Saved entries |
══════════════════════════════

(* Let $H=(V,E)$ be a hypergraph whose vertex set $V$ is a partition of $[n]$ into sets of cardinality at least $2$, and suppose $H$ is downward-closed (for every $e\in E$ and every $e'\subseteq e$ with $|e'|>1$, $e'\in E$). Let $D=\{\bar i_I\}_{I\in V}$ with $\bar i_I\in I$ for each $I\in V$. Then the coordinate projection $\operatorname{proj}_{\mathcal{J}^H_\le(D)}$, restricted to $\mathrm{MC}^H$, is a bijection from $\mathrm{MC}^H$ onto $\mathrm{MC}^H_\le(D)$.
   Context: Let $n$ be a positive integer, $[n]=\{1,\dots,n\}$. A hypergraph $H=(V,E)$ here has as vertex set $V$ a family of pairwise disjoint subsets of $[n]$, each of cardinality at least $2$, and hyperedge set $E$ consisting of subsets $e\subseteq V$ with $|e|\ge 2$. Write $L(V)=\{\{I\}: I\in V\}$. For a nonempty $e\subseteq V$, $\mathcal{J}^e$ denotes the family of sets $J\subseteq \bigcup_{I\in e} I$ with $|J\cap I|=1$ for every $I\in e$. Let $\mathcal{J}^H=\bigcup_{e\in L(V)\cup E}\mathcal{J}^e$. For a vector $w$ indexed by sets, write $w_i=w_{\{i\}}$ and $w(A)=\sum_{i\in A}w_i$. Let $\mathscr{S}^H=\{w\in\{0,1\}^{\mathcal{J}^H}: w(I)=1\ \forall I\in V;\ w_J=\prod_{i\in J}w_i\ \forall J\in\mathcal{J}^H, |J|>1\}$ and $\mathrm{MC}^H=\operatorname{conv}\mathscr{S}^H$. For $D$ as in the claim, $\mathcal{J}^H_\le(D)=\{J\in\mathcal{J}^H: J\subseteq[n]\setminus D\}$ and $\mathrm{MC}^H_\le(D)=\operatorname{conv}\{v\in\{0,1\}^{\mathcal{J}^H_\le(D)}: v(I\setminus D)\le 1\ \forall I\in V;\ v_J=\prod_{i\in J}v_i\ \forall J\in\mathcal{J}^H_\le(D), |J|>1\}$. *)

theory Defs
  imports Complex_Main
begin

text \<open>Vectors indexed by sets of naturals are functions nat set => real; a vector in
  R^X is represented by a function vanishing outside X.\<close>

definition conv_hull :: "('a \<Rightarrow> real) set \<Rightarrow> ('a \<Rightarrow> real) set" where
  "conv_hull S = {x. \<exists>(k::nat) c p. (\<forall>i<k. p i \<in> S \<and> c i \<ge> 0) \<and> (\<Sum>i<k. c i) = 1
                      \<and> x = (\<lambda>J. \<Sum>i<k. c i * p i J)}"

definition hg_vertices_partition :: "nat \<Rightarrow> nat set set \<Rightarrow> bool" where
  "hg_vertices_partition n V \<longleftrightarrow>
     (\<forall>I\<in>V. I \<subseteq> {1..n} \<and> card I \<ge> 2)
     \<and> (\<forall>I\<in>V. \<forall>I'\<in>V. I \<noteq> I' \<longrightarrow> I \<inter> I' = {})
     \<and> \<Union>V = {1..n}"

definition hg_edges :: "nat set set \<Rightarrow> nat set set set \<Rightarrow> bool" where
  "hg_edges V E \<longleftrightarrow> (\<forall>e\<in>E. e \<subseteq> V \<and> card e \<ge> 2)"

definition downward_closed :: "nat set set set \<Rightarrow> bool" where
  "downward_closed E \<longleftrightarrow> (\<forall>e\<in>E. \<forall>e'. e' \<subseteq> e \<and> card e' > 1 \<longrightarrow> e' \<in> E)"

definition LV :: "nat set set \<Rightarrow> nat set set set" where
  "LV V = {{I} | I. I \<in> V}"

definition Jfam :: "nat set set \<Rightarrow> nat set set" where
  "Jfam e = {J. J \<subseteq> \<Union>e \<and> (\<forall>I\<in>e. card (J \<inter> I) = 1)}"

definition JH :: "nat set set \<Rightarrow> nat set set set \<Rightarrow> nat set set" where
  "JH V E = (\<Union>e\<in>LV V \<union> E. Jfam e)"

definition wsum :: "(nat set \<Rightarrow> real) \<Rightarrow> nat set \<Rightarrow> real" where
  "wsum w A = (\<Sum>i\<in>A. w {i})"

definition SH :: "nat set set \<Rightarrow> nat set set set \<Rightarrow> (nat set \<Rightarrow> real) set" where
  "SH V E = {w. (\<forall>J. J \<notin> JH V E \<longrightarrow> w J = 0)
               \<and> (\<forall>J\<in>JH V E. w J \<in> {0,1})
               \<and> (\<forall>I\<in>V. wsum w I = 1)
               \<and> (\<forall>J\<in>JH V E. card J > 1 \<longrightarrow> w J = (\<Prod>i\<in>J. w {i}))}"

definition MC :: "nat set set \<Rightarrow> nat set set set \<Rightarrow> (nat set \<Rightarrow> real) set" where
  "MC V E = conv_hull (SH V E)"

definition JH_le :: "nat \<Rightarrow> nat set set \<Rightarrow> nat set set set \<Rightarrow> nat set \<Rightarrow> nat set set" where
  "JH_le n V E D = {J\<in>JH V E. J \<subseteq> {1..n} - D}"

definition SH_le :: "nat \<Rightarrow> nat set set \<Rightarrow> nat set set set \<Rightarrow> nat set \<Rightarrow> (nat set \<Rightarrow> real) set" where
  "SH_le n V E D = {v. (\<forall>J. J \<notin> JH_le n V E D \<longrightarrow> v J = 0)
               \<and> (\<forall>J\<in>JH_le n V E D. v J \<in> {0,1})
               \<and> (\<forall>I\<in>V. wsum v (I - D) \<le> 1)
               \<and> (\<forall>J\<in>JH_le n V E D. card J > 1 \<longrightarrow> v J = (\<Prod>i\<in>J. v {i}))}"

definition MC_le :: "nat \<Rightarrow> nat set set \<Rightarrow> nat set set set \<Rightarrow> nat set \<Rightarrow> (nat set \<Rightarrow> real) set" where
  "MC_le n V E D = conv_hull (SH_le n V E D)"

definition proj :: "nat set set \<Rightarrow> (nat set \<Rightarrow> real) \<Rightarrow> (nat set \<Rightarrow> real)" where
  "proj X w = (\<lambda>J. if J \<in> X then w J else 0)"

end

══════════════════════════════

WHAT TO WORK ON |
Quote every record above exactly.

FINAL ANSWER |
(* Let $H=(V,E)$ be a hypergraph whose vertex set $V$ is a partition of $[n]$ into sets of cardinality at least $2$, and suppose $H$ is downward-closed (for every $e\in E$ and every $e'\subseteq e$ with $|e'|>1$, $e'\in E$). Let $D=\{\bar i_I\}_{I\in V}$ with $\bar i_I\in I$ for each $I\in V$. Then the coordinate projection $\operatorname{proj}_{\mathcal{J}^H_\le(D)}$, restricted to $\mathrm{MC}^H$, is a bijection from $\mathrm{MC}^H$ onto $\mathrm{MC}^H_\le(D)$.
   Context: Let $n$ be a positive integer, $[n]=\{1,\dots,n\}$. A hypergraph $H=(V,E)$ here has as vertex set $V$ a family of pairwise disjoint subsets of $[n]$, each of cardinality at least $2$, and hyperedge set $E$ consisting of subsets $e\subseteq V$ with $|e|\ge 2$. Write $L(V)=\{\{I\}: I\in V\}$. For a nonempty $e\subseteq V$, $\mathcal{J}^e$ denotes the family of sets $J\subseteq \bigcup_{I\in e} I$ with $|J\cap I|=1$ for every $I\in e$. Let $\mathcal{J}^H=\bigcup_{e\in L(V)\cup E}\mathcal{J}^e$. For a vector $w$ indexed by sets, write $w_i=w_{\{i\}}$ and $w(A)=\sum_{i\in A}w_i$. Let $\mathscr{S}^H=\{w\in\{0,1\}^{\mathcal{J}^H}: w(I)=1\ \forall I\in V;\ w_J=\prod_{i\in J}w_i\ \forall J\in\mathcal{J}^H, |J|>1\}$ and $\mathrm{MC}^H=\operatorname{conv}\mathscr{S}^H$. For $D$ as in the claim, $\mathcal{J}^H_\le(D)=\{J\in\mathcal{J}^H: J\subseteq[n]\setminus D\}$ and $\mathrm{MC}^H_\le(D)=\operatorname{conv}\{v\in\{0,1\}^{\mathcal{J}^H_\le(D)}: v(I\setminus D)\le 1\ \forall I\in V;\ v_J=\prod_{i\in J}v_i\ \forall J\in\mathcal{J}^H_\le(D), |J|>1\}$. *)

theory Defs
  imports Complex_Main
begin

text \<open>Vectors indexed by sets of naturals are functions nat set => real; a vector in
  R^X is represented by a function vanishing outside X.\<close>

definition conv_hull :: "('a \<Rightarrow> real) set \<Rightarrow> ('a \<Rightarrow> real) set" where
  "conv_hull S = {x. \<exists>(k::nat) c p. (\<forall>i<k. p i \<in> S \<and> c i \<ge> 0) \<and> (\<Sum>i<k. c i) = 1
                      \<and> x = (\<lambda>J. \<Sum>i<k. c i * p i J)}"

definition hg_vertices_partition :: "nat \<Rightarrow> nat set set \<Rightarrow> bool" where
  "hg_vertices_partition n V \<longleftrightarrow>
     (\<forall>I\<in>V. I \<subseteq> {1..n} \<and> card I \<ge> 2)
     \<and> (\<forall>I\<in>V. \<forall>I'\<in>V. I \<noteq> I' \<longrightarrow> I \<inter> I' = {})
     \<and> \<Union>V = {1..n}"

definition hg_edges :: "nat set set \<Rightarrow> nat set set set \<Rightarrow> bool" where
  "hg_edges V E \<longleftrightarrow> (\<forall>e\<in>E. e \<subseteq> V \<and> card e \<ge> 2)"

definition downward_closed :: "nat set set set \<Rightarrow> bool" where
  "downward_closed E \<longleftrightarrow> (\<forall>e\<in>E. \<forall>e'. e' \<subseteq> e \<and> card e' > 1 \<longrightarrow> e' \<in> E)"

definition LV :: "nat set set \<Rightarrow> nat set set set" where
  "LV V = {{I} | I. I \<in> V}"

definition Jfam :: "nat set set \<Rightarrow> nat set set" where
  "Jfam e = {J. J \<subseteq> \<Union>e \<and> (\<forall>I\<in>e. card (J \<inter> I) = 1)}"

definition JH :: "nat set set \<Rightarrow> nat set set set \<Rightarrow> nat set set" where
  "JH V E = (\<Union>e\<in>LV V \<union> E. Jfam e)"

definition wsum :: "(nat set \<Rightarrow> real) \<Rightarrow> nat set \<Rightarrow> real" where
  "wsum w A = (\<Sum>i\<in>A. w {i})"

definition SH :: "nat set set \<Rightarrow> nat set set set \<Rightarrow> (nat set \<Rightarrow> real) set" where
  "SH V E = {w. (\<forall>J. J \<notin> JH V E \<longrightarrow> w J = 0)
               \<and> (\<forall>J\<in>JH V E. w J \<in> {0,1})
               \<and> (\<forall>I\<in>V. wsum w I = 1)
               \<and> (\<forall>J\<in>JH V E. card J > 1 \<longrightarrow> w J = (\<Prod>i\<in>J. w {i}))}"

definition MC :: "nat set set \<Rightarrow> nat set set set \<Rightarrow> (nat set \<Rightarrow> real) set" where
  "MC V E = conv_hull (SH V E)"

definition JH_le :: "nat \<Rightarrow> nat set set \<Rightarrow> nat set set set \<Rightarrow> nat set \<Rightarrow> nat set set" where
  "JH_le n V E D = {J\<in>JH V E. J \<subseteq> {1..n} - D}"

definition SH_le :: "nat \<Rightarrow> nat set set \<Rightarrow> nat set set set \<Rightarrow> nat set \<Rightarrow> (nat set \<Rightarrow> real) set" where
  "SH_le n V E D = {v. (\<forall>J. J \<notin> JH_le n V E D \<longrightarrow> v J = 0)
               \<and> (\<forall>J\<in>JH_le n V E D. v J \<in> {0,1})
               \<and> (\<forall>I\<in>V. wsum v (I - D) \<le> 1)
               \<and> (\<forall>J\<in>JH_le n V E D. card J > 1 \<longrightarrow> v J = (\<Prod>i\<in>J. v {i}))}"

definition MC_le :: "nat \<Rightarrow> nat set set \<Rightarrow> nat set set set \<Rightarrow> nat set \<Rightarrow> (nat set \<Rightarrow> real) set" where
  "MC_le n V E D = conv_hull (SH_le n V E D)"

definition proj :: "nat set set \<Rightarrow> (nat set \<Rightarrow> real) \<Rightarrow> (nat set \<Rightarrow> real)" where
  "proj X w = (\<lambda>J. if J \<in> X then w J else 0)"

end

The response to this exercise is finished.